Provided information –
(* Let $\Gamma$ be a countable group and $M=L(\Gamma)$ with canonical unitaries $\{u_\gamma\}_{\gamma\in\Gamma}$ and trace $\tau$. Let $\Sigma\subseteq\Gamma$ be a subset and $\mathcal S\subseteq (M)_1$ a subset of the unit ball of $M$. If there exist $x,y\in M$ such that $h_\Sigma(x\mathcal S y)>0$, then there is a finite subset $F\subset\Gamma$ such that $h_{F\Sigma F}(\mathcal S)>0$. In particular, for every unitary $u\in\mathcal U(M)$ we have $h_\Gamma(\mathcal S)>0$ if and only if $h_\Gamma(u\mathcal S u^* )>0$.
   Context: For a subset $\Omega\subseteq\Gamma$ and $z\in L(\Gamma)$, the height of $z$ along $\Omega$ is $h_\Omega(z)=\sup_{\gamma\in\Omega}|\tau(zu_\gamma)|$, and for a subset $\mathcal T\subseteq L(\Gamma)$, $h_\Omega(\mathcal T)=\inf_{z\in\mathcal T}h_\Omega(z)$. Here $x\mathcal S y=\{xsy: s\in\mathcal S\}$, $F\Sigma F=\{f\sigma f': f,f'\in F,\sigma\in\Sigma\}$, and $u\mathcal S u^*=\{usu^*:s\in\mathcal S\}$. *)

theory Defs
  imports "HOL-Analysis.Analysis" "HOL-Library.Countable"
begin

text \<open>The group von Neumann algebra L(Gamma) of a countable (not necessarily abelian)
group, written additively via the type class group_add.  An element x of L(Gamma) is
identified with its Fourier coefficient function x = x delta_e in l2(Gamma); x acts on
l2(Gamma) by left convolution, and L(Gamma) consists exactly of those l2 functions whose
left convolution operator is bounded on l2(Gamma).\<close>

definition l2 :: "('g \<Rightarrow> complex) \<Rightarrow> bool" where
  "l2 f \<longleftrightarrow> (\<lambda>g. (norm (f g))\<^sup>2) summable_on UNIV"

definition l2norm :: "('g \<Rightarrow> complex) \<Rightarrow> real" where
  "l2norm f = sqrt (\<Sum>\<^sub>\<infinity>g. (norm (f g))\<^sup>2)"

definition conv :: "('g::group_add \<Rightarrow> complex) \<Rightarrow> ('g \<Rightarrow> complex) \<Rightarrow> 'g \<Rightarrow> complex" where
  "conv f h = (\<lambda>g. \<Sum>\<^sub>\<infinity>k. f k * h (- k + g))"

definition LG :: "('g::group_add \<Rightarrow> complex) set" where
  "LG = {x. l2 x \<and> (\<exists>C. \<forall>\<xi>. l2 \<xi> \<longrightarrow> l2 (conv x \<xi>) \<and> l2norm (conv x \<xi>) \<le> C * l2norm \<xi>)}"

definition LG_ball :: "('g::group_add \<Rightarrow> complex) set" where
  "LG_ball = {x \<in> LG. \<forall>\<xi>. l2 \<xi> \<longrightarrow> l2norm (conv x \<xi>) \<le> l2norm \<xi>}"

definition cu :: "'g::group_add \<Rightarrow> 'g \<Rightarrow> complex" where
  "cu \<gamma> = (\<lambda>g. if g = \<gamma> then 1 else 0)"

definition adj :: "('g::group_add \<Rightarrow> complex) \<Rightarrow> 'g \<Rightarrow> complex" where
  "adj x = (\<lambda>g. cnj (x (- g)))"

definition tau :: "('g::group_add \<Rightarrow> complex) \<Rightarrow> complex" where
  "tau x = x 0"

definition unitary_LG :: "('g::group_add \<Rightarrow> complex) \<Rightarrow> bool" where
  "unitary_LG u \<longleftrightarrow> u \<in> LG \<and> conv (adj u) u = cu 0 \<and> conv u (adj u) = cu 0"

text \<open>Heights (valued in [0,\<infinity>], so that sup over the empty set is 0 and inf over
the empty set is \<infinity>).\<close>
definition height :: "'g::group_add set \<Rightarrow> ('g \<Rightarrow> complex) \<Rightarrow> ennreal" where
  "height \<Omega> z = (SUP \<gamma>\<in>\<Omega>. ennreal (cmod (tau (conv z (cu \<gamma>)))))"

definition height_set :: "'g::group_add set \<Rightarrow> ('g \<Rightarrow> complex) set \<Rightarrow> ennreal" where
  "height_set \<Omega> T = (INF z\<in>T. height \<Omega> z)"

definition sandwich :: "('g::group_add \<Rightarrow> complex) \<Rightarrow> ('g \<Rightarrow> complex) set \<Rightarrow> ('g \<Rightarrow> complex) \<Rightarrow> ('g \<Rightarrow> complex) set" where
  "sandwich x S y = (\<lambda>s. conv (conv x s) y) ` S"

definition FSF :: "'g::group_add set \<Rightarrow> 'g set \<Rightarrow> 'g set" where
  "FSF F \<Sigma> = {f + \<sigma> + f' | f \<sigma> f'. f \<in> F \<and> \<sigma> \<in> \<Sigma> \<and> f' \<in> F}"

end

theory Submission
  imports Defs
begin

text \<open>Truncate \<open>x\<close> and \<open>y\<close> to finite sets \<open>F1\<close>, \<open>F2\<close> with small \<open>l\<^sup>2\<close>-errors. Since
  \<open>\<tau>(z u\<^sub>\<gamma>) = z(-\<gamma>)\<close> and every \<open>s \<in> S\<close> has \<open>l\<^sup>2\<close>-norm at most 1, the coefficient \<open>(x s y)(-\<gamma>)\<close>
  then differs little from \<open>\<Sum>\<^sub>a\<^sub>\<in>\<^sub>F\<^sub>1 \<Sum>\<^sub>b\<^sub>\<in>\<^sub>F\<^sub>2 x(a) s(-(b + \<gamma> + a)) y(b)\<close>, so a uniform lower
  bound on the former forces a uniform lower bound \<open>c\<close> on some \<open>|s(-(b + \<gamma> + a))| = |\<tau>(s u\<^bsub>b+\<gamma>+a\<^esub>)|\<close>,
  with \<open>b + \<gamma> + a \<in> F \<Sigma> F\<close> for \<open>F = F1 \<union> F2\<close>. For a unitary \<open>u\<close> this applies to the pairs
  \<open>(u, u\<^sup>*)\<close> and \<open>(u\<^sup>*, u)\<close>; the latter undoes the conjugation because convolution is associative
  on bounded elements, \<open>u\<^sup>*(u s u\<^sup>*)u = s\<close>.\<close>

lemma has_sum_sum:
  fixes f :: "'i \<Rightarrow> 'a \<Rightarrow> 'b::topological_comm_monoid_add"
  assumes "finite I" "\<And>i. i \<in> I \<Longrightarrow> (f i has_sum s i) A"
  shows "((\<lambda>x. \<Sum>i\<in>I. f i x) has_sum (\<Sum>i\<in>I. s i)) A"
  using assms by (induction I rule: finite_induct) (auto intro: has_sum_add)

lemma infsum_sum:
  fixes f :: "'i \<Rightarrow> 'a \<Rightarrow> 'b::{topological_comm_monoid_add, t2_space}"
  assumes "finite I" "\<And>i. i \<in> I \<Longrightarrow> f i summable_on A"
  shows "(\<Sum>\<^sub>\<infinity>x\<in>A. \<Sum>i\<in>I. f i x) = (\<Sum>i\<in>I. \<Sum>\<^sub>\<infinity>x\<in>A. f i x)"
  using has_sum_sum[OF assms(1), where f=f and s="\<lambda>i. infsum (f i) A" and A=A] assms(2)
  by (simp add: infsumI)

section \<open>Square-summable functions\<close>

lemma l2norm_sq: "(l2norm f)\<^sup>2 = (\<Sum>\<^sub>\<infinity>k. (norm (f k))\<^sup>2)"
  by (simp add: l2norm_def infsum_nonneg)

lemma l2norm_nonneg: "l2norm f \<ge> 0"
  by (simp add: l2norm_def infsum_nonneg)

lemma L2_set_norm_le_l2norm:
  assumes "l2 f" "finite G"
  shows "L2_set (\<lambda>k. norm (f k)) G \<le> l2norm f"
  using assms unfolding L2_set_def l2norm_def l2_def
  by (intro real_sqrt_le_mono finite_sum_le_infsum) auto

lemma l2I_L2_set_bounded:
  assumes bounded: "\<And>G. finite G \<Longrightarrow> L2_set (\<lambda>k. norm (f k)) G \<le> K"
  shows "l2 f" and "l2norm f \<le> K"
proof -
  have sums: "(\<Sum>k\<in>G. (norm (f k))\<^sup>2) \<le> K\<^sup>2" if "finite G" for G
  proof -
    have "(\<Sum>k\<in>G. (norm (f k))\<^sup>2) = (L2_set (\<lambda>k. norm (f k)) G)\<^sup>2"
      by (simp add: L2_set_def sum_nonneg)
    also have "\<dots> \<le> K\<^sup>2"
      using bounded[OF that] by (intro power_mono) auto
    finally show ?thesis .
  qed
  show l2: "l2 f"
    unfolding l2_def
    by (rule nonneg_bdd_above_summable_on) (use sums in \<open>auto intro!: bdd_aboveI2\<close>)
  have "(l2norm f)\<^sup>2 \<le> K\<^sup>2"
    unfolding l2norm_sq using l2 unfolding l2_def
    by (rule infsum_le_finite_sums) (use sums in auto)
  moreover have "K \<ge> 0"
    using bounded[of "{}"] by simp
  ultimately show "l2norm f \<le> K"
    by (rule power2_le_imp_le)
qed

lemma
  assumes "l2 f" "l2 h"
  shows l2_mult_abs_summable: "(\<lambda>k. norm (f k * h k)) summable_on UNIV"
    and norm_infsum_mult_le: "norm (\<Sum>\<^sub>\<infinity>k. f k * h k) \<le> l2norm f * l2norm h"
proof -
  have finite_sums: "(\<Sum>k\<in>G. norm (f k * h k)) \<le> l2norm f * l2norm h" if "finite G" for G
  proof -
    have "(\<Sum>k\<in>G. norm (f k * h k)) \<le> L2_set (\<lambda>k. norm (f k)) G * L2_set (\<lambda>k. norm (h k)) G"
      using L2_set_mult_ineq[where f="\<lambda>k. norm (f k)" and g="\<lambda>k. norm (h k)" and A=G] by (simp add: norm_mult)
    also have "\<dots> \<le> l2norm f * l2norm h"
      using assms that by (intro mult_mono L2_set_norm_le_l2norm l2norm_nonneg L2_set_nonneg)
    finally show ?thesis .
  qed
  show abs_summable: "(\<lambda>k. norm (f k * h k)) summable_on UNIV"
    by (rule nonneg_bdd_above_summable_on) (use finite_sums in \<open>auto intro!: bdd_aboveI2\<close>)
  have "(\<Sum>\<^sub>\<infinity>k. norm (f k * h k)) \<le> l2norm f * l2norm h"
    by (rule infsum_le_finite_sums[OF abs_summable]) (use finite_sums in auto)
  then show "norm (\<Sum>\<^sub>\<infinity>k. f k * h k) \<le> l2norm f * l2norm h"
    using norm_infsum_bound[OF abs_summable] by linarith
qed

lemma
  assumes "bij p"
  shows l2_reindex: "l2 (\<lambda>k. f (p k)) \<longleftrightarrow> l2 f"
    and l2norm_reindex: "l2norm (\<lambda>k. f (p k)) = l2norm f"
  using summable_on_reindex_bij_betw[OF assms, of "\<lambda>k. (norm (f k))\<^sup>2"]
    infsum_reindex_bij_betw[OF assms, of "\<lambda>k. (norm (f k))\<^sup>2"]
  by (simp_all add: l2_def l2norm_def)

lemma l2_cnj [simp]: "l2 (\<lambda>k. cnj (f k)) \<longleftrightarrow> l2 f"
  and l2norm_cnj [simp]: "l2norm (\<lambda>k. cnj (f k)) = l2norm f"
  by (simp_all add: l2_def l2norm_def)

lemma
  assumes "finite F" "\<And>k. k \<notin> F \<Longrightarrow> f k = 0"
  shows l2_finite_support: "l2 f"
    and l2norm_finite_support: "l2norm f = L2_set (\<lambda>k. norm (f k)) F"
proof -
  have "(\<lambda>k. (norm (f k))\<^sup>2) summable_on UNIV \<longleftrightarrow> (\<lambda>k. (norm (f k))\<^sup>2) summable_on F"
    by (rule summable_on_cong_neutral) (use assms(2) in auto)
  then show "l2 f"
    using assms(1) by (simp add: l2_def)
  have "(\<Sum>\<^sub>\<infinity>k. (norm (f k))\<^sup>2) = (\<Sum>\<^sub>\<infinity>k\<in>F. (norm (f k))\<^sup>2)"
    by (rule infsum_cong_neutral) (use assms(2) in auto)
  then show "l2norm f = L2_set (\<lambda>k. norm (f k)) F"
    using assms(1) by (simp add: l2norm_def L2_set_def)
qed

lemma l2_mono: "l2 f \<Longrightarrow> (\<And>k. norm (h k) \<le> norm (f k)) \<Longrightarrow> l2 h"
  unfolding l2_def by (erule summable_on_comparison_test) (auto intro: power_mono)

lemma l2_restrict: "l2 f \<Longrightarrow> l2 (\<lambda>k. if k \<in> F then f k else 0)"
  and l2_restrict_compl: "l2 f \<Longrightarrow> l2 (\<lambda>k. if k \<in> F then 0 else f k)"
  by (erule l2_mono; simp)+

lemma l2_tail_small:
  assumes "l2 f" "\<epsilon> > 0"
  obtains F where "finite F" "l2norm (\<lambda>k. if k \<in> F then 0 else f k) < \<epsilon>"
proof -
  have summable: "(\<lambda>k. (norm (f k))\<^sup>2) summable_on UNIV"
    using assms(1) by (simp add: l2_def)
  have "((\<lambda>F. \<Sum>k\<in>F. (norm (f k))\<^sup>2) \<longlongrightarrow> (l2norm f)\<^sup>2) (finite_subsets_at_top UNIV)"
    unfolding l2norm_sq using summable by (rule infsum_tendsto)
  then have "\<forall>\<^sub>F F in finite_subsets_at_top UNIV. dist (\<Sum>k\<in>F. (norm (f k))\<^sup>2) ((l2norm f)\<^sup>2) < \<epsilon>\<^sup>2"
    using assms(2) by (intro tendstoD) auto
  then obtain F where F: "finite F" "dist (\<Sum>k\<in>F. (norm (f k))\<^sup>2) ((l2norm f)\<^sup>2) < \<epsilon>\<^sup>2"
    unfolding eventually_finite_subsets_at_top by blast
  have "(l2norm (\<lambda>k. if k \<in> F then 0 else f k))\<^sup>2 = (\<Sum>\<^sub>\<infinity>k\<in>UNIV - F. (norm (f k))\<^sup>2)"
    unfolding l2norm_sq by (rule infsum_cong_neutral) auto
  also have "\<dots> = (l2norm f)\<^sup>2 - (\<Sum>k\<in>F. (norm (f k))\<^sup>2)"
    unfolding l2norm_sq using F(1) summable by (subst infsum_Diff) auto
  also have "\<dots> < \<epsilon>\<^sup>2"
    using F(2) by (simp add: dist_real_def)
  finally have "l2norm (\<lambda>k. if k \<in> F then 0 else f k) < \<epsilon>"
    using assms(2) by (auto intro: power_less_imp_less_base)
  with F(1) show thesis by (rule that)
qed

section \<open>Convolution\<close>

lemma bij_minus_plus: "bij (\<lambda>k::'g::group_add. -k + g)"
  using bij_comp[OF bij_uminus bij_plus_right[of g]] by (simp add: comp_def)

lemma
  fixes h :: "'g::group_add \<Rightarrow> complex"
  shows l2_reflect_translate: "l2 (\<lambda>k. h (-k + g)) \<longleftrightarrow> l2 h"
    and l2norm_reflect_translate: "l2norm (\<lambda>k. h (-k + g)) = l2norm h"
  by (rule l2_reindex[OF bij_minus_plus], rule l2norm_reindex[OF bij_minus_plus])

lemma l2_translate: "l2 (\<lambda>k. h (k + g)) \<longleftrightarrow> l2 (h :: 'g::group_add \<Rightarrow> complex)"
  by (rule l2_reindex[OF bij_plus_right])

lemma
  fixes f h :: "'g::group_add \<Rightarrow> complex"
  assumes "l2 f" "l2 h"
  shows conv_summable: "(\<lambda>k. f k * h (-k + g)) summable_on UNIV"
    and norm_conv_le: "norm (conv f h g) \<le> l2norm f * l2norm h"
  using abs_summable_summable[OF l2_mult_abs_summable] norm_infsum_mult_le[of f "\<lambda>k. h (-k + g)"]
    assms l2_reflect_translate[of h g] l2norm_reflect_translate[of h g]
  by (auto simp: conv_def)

Assignment – Only lines that hold the string "coefficient" belong in the answer, so copy every one of them from the records.

Solution to the exercise –
identified with its Fourier coefficient function x = x delta_e in l2(Gamma); x acts on
  \<open>\<tau>(z u\<^sub>\<gamma>) = z(-\<gamma>)\<close> and every \<open>s \<in> S\<close> has \<open>l\<^sup>2\<close>-norm at most 1, the coefficient \<open>(x s y)(-\<gamma>)\<close>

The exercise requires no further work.